I listen to Owl City, because I know how much you hated it.
I'm afraid to look at my own wall, because I kept the sticker you gave me, and it's right in the middle.
I wake up too early, because the morning winter chill brings me the security that left with you.
I write blogs, because I think you liked them once.
I cut my nails too short, because it doesn't hurt when I clentch my fists.
I watch Skins, because you said it was better than Gossip Girl.
I wear jumpers on the hottest days, because I still feel cold.
I deleted all my text messages, becaue I couldn't just delete yours.
I hid all sharp objects, because I can't do that to myself.
I wrote you a letter, because I thought it would help.
I said my feelings were gone, because they are.
I cry too much, because I can't help remembering.
I can't sleep most nights, because of the memories.
I fall quiet and wear my pensive face, because I forget how to talk.
I won't eat avocados, because they are your eyes.
I cut my hair, because you liked how it used to be.
I take deep breaths, because I knew I was right.
I love my friends, because they were all wrong.
I write down my feelings, because I don't really know what they are.
I fall for everyone, because they aren't you.
But, really...
I enjoy the feeling of crapness spinning through my mind, with each Owl City song.
I smile, because the sticker tells me to.
I love cold, winter mornings.
I write blogs, because I'm waiting for Gossip Girl to load.
And I cut my nails short, by accident.
I love Sid and Michell and Tony and Maxie and Effie and Jal and Cassie, but not Anwar. And, Gossip Girl is better than Skins.

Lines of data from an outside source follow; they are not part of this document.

lemma set_integral_swap_nonneg:
  fixes f :: "real \<Rightarrow> real \<Rightarrow> real"
  assumes meas: "(\<lambda>(x, y). indicator A x * indicator (B x) y * f x y) \<in> borel_measurable (lborel \<Otimes>\<^sub>M lborel)"
    and region: "\<And>x y. x \<in> A \<and> y \<in> B x \<longleftrightarrow> y \<in> A' \<and> x \<in> B' y"
    and nonneg: "\<And>x y. x \<in> A \<Longrightarrow> y \<in> B x \<Longrightarrow> 0 \<le> f x y"
    and inner: "\<And>x. x \<in> A \<Longrightarrow> set_integrable lborel (B x) (f x)"
    and inner': "\<And>y. y \<in> A' \<Longrightarrow> set_integrable lborel (B' y) (\<lambda>x. f x y)"
    and value': "\<And>y. y \<in> A' \<Longrightarrow> (LINT x:B' y|lborel. f x y) = h y"
    and outer': "set_integrable lborel A' h"
  shows "set_integrable lborel A (\<lambda>x. LINT y:B x|lborel. f x y)"
    and "(LINT x:A|lborel. LINT y:B x|lborel. f x y) = (LINT y:A'|lborel. h y)"
proof -
  define F where "F x y = indicator A x * indicator (B x) y * f x y" for x y
  have F_swap: "F x y = indicator A' y * indicator (B' y) x * f x y" for x y
    using region[of x y] by (auto simp: F_def indicator_def)
  have F_nonneg: "0 \<le> F x y" for x y
    using nonneg[of x y] by (auto simp: F_def indicator_def)
  have h_nonneg: "0 \<le> h y" if "y \<in> A'" for y
    using that region nonneg by (auto simp flip: value' intro!: set_integral_nonneg)
  have [measurable]: "(\<lambda>(x, y). F x y) \<in> borel_measurable (lborel \<Otimes>\<^sub>M lborel)"
    using meas by (simp add: F_def)
  have Tonelli: "(\<integral>\<^sup>+x. \<integral>\<^sup>+y. ennreal (F x y) \<partial>lborel \<partial>lborel)
                 = (\<integral>\<^sup>+y. \<integral>\<^sup>+x. ennreal (F x y) \<partial>lborel \<partial>lborel)"
    by (rule lborel_pair.Fubini'[symmetric]) measurable
  have inner_x: "(\<integral>\<^sup>+y. ennreal (F x y) \<partial>lborel) = ennreal (indicator A x * (LINT y:B x|lborel. f x y))" for x
    by (cases "x \<in> A") (simp_all add: F_def nn_integral_indicator_eq_set_integral inner nonneg)
  have inner_y: "(\<integral>\<^sup>+x. ennreal (F x y) \<partial>lborel) = ennreal (indicator A' y * h y)" for y
  proof (cases "y \<in> A'")
    case True
    have "\<And>x. x \<in> B' y \<Longrightarrow> 0 \<le> f x y"
      using True region nonneg by blast
    thus ?thesis
      using True by (simp add: F_swap nn_integral_indicator_eq_set_integral inner' value')
  qed (simp add: F_swap)
  have "(\<integral>\<^sup>+x. ennreal (indicator A x * (LINT y:B x|lborel. f x y)) \<partial>lborel) =
        (\<integral>\<^sup>+y. \<integral>\<^sup>+x. ennreal (F x y) \<partial>lborel \<partial>lborel)"
    by (simp add: inner_x flip: Tonelli)
  also have "\<dots> = ennreal (LINT y:A'|lborel. h y)"
    by (simp add: inner_y nn_integral_indicator_eq_set_integral outer' h_nonneg)
  finally have nn: "(\<integral>\<^sup>+x. ennreal (indicator A x * (LINT y:B x|lborel. f x y)) \<partial>lborel) =
                    ennreal (LINT y:A'|lborel. h y)" .
  have measurable: "set_borel_measurable lborel A (\<lambda>x. LINT y:B x|lborel. f x y)"
  proof -
    have "(\<lambda>x. LINT y|lborel. F x y) \<in> borel_measurable lborel"
      by measurable
    moreover have "indicator A x *\<^sub>R (LINT y:B x|lborel. f x y) = (LINT y|lborel. F x y)" for x
      by (simp add: F_def set_lebesgue_integral_def mult.assoc)
    ultimately show ?thesis
      by (simp add: set_borel_measurable_def)
  qed
  have inner_nonneg: "0 \<le> (LINT y:B x|lborel. f x y)" if "x \<in> A" for x
    using that nonneg by (intro set_integral_nonneg)
  have "0 \<le> (LINT y:A'|lborel. h y)"
    using h_nonneg by (rule set_integral_nonneg)
  from set_integral_eq_of_nn_integral[OF measurable inner_nonneg nn this]
  show "set_integrable lborel A (\<lambda>x. LINT y:B x|lborel. f x y)"
    and "(LINT x:A|lborel. LINT y:B x|lborel. f x y) = (LINT y:A'|lborel. h y)"
    by simp_all
qed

I live in warm wooley jumpers, no matter the weather.
I deleted yours first.
The letter did help.
The letter made me realise that I don't like you anymore.
I cry when I'm embarassed, and I'm embarassed when I cry, so I cry more.

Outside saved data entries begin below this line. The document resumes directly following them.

(* Let $\langle H,T\rangle$ be an ${\cal X}_5$-interpretation and $F$ a nested expression. Then $\langle H,T\rangle\models F$ iff $H\models F^T$; and $\langle H,T\rangle=\!\!|\;F$ iff $H=\!\!|\;F^T$.
   Context: Fix a set $\mathit{At}$ of atoms. An explicit literal is $p$ or $\sim p$; a set of explicit literals is consistent if it never contains both $p$ and $\sim p$. Nested expressions: $F ::= \top\mid\bot\mid p\mid F\vee F\mid F\wedge F\mid\neg F\mid\sim F$. Classical satisfaction/falsification of nested expressions by a consistent set $T$: $T\models\top$, $T$ does not falsify $\top$, $T\not\models\bot$, $T=\!\!|\;\bot$; $T\models p$ iff $p\in T$, $T=\!\!|\;p$ iff $\sim p\in T$; $\wedge$: satisfied iff both, falsified iff at least one falsified; $\vee$: satisfied iff at least one, falsified iff both falsified; $T\models\sim\varphi$ iff $T=\!\!|\;\varphi$, $T=\!\!|\;\sim\varphi$ iff $T\models\varphi$; $T\models\neg\varphi$ iff $T\not\models\varphi$, $T=\!\!|\;\neg\varphi$ iff $T\models\varphi$. Reduct: $\top^T=\top$, $\bot^T=\bot$, $p^T=p$, $(F\wedge G)^T=F^T\wedge G^T$, $(F\vee G)^T=F^T\vee G^T$, $(\sim F)^T=\sim(F^T)$, $(\neg F)^T=\bot$ if $T\models F$, $\top$ otherwise. ${\cal X}_5$: formulas $\varphi ::= p\mid\bot\mid\varphi\wedge\varphi\mid\varphi\vee\varphi\mid\varphi\to\varphi\mid\sim\varphi$ with $\neg\varphi:=\varphi\to\bot$, $\top:=\neg\bot$ (so nested expressions are formulas). An ${\cal X}_5$-interpretation is a pair $\langle H,T\rangle$ of consistent sets of explicit literals with $H\subseteq T$. Satisfaction/falsification: $\langle H,T\rangle\not\models\bot$, $=\!\!|\;\bot$; $\models p$ iff $p\in H$, $=\!\!|\;p$ iff $\sim p\in H$; $\wedge,\vee,\sim$ as in the classical clauses with $\langle H,T\rangle$ in place of $T$; $\langle H,T\rangle\models\varphi\to\psi$ iff (i) $\langle H,T\rangle\not\models\varphi$ or $\langle H,T\rangle\models\psi$ and (ii) $\langle T,T\rangle\not\models\varphi$ or $\langle T,T\rangle\models\psi$; $\langle H,T\rangle=\!\!|\;\varphi\to\psi$ iff $\langle T,T\rangle\models\varphi$ and $\langle H,T\rangle=\!\!|\;\psi$. *)

theory Defs
  imports Main
begin

datatype 'a lit = Pos 'a | Neg 'a   (* p  and  ~p (explicit negation) *)

definition consistent :: "'a lit set \<Rightarrow> bool" where
  "consistent S \<longleftrightarrow> (\<forall>p. \<not> (Pos p \<in> S \<and> Neg p \<in> S))"

datatype 'a nexp = NTop | NBot | NAtom 'a | NOr "'a nexp" "'a nexp" | NAnd "'a nexp" "'a nexp"
  | NNot "'a nexp" | NSneg "'a nexp"

fun csat :: "'a lit set \<Rightarrow> 'a nexp \<Rightarrow> bool"
and cfal :: "'a lit set \<Rightarrow> 'a nexp \<Rightarrow> bool" where
  "csat T NTop = True"
| "csat T NBot = False"
| "csat T (NAtom p) = (Pos p \<in> T)"
| "csat T (NAnd F G) = (csat T F \<and> csat T G)"
| "csat T (NOr F G) = (csat T F \<or> csat T G)"
| "csat T (NSneg F) = cfal T F"
| "csat T (NNot F) = (\<not> csat T F)"
| "cfal T NTop = False"
| "cfal T NBot = True"
| "cfal T (NAtom p) = (Neg p \<in> T)"
| "cfal T (NAnd F G) = (cfal T F \<or> cfal T G)"
| "cfal T (NOr F G) = (cfal T F \<and> cfal T G)"
| "cfal T (NSneg F) = csat T F"
| "cfal T (NNot F) = csat T F"

fun reduct :: "'a nexp \<Rightarrow> 'a lit set \<Rightarrow> 'a nexp" where
  "reduct NTop T = NTop"
| "reduct NBot T = NBot"
| "reduct (NAtom p) T = NAtom p"
| "reduct (NAnd F G) T = NAnd (reduct F T) (reduct G T)"
| "reduct (NOr F G) T = NOr (reduct F T) (reduct G T)"
| "reduct (NSneg F) T = NSneg (reduct F T)"
| "reduct (NNot F) T = (if csat T F then NBot else NTop)"

datatype 'a form = Atom 'a | Bot | And "'a form" "'a form" | Or "'a form" "'a form"
  | Imp "'a form" "'a form" | Sneg "'a form"

definition Neg_f :: "'a form \<Rightarrow> 'a form" where "Neg_f \<phi> = Imp \<phi> Bot"
definition Top_f :: "'a form" where "Top_f = Neg_f Bot"

fun emb :: "'a nexp \<Rightarrow> 'a form" where
  "emb NTop = Top_f"
| "emb NBot = Bot"
| "emb (NAtom p) = Atom p"
| "emb (NAnd F G) = And (emb F) (emb G)"
| "emb (NOr F G) = Or (emb F) (emb G)"
| "emb (NSneg F) = Sneg (emb F)"
| "emb (NNot F) = Neg_f (emb F)"

definition x5_interp :: "'a lit set \<Rightarrow> 'a lit set \<Rightarrow> bool" where
  "x5_interp H T \<longleftrightarrow> consistent H \<and> consistent T \<and> H \<subseteq> T"

fun xsat :: "'a lit set \<Rightarrow> 'a lit set \<Rightarrow> 'a form \<Rightarrow> bool"
and xfal :: "'a lit set \<Rightarrow> 'a lit set \<Rightarrow> 'a form \<Rightarrow> bool" where
  "xsat H T Bot = False"
| "xsat H T (Atom p) = (Pos p \<in> H)"
| "xsat H T (And \<phi> \<psi>) = (xsat H T \<phi> \<and> xsat H T \<psi>)"
| "xsat H T (Or \<phi> \<psi>) = (xsat H T \<phi> \<or> xsat H T \<psi>)"
| "xsat H T (Sneg \<phi>) = xfal H T \<phi>"
| "xsat H T (Imp \<phi> \<psi>) = ((\<not> xsat H T \<phi> \<or> xsat H T \<psi>) \<and> (\<not> xsat T T \<phi> \<or> xsat T T \<psi>))"
| "xfal H T Bot = True"
| "xfal H T (Atom p) = (Neg p \<in> H)"
| "xfal H T (And \<phi> \<psi>) = (xfal H T \<phi> \<or> xfal H T \<psi>)"
| "xfal H T (Or \<phi> \<psi>) = (xfal H T \<phi> \<and> xfal H T \<psi>)"
| "xfal H T (Sneg \<phi>) = xsat H T \<phi>"
| "xfal H T (Imp \<phi> \<psi>) = (xsat T T \<phi> \<and> xfal H T \<psi>)"

end

theory Submission
  imports Defs
begin

(* The only non-structural case is default negation: by persistence,
   <H,T> satisfies the implication from emb F to Bot iff <T,T> does not satisfy emb F,
   and on total interpretations <T,T> agrees with classical satisfaction by T, which is
   exactly the test the reduct of the negation performs. *)

lemma xsat_xfal_persistent:
  assumes "H \<subseteq> T"
  shows "(xsat H T \<phi> \<longrightarrow> xsat T T \<phi>) \<and> (xfal H T \<phi> \<longrightarrow> xfal T T \<phi>)"
  using assms by (induction \<phi>) auto

lemma xsat_xfal_total_emb:
  "(xsat T T (emb F) \<longleftrightarrow> csat T F) \<and> (xfal T T (emb F) \<longleftrightarrow> cfal T F)"
  by (induction F) (auto simp: Top_f_def Neg_f_def)

lemma xsat_xfal_emb_iff_reduct:
  assumes "H \<subseteq> T"
  shows "(xsat H T (emb F) \<longleftrightarrow> csat H (reduct F T)) \<and>
         (xfal H T (emb F) \<longleftrightarrow> cfal H (reduct F T))"
proof (induction F)
  case (NNot F)
  have "xsat H T (emb (NNot F)) \<longleftrightarrow> \<not> xsat T T (emb F)"
    using xsat_xfal_persistent[OF assms, of "emb F"] by (auto simp: Neg_f_def)
  moreover have "xfal H T (emb (NNot F)) \<longleftrightarrow> xsat T T (emb F)"
    by (simp add: Neg_f_def)
  ultimately show ?case
    using xsat_xfal_total_emb[of T F] by auto
qed (auto simp: Top_f_def Neg_f_def)

theorem lemma2:
  fixes H T :: "'a lit set" and F :: "'a nexp"
  assumes "x5_interp H T"
  shows "(xsat H T (emb F) \<longleftrightarrow> csat H (reduct F T)) \<and>
         (xfal H T (emb F) \<longleftrightarrow> cfal H (reduct F T))"
  using assms by (simp add: x5_interp_def xsat_xfal_emb_iff_reduct)

end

I can't sleep because I dream of terrible things, and wake up happy.
I have a pensive face now, so's I don't say stupid things or make bad jokes or cry in embarassment, I just look at you, when you blow out the pretty flame, dancing in my eyes as I play with my cheap lighter.
I hate avocados, and I always have.
I cut my hair like the Tony & Guy ad, because I wanted to be a pixie.
I take deep breaths, as I write this, and wonder if you, or anyone, will ever read it. But really, I don't care, so I write on.
I was right, and my friends were wrong, if only I'd had confidence in myself. But, I guess, shit happened, and I'm still ok.
And, I love them, none the less.
Yeah, I also write about the dead cat I saw on my way to school, and that metaly-petrol smell that I love so much, and english essays, all of which I hardly understand. Feelings, Shmeelings.
And, for the record, I don't fall for anyone. I just got excited at the fact that I was attracted to other people again, after so long of whatever was going on with me, and, you know, complicated my friendships, sexuality and mood swings along the way..
The fact is, I'm not heat-felt anymore, if I ever was. Sure, I'm an emotional whore, and I talk about myself too much, and theres quite a handful of beautiful people who aparently enjoy spending time with me, but, to quote Ben Folds and Regina Spector, You Don't Know Me At All.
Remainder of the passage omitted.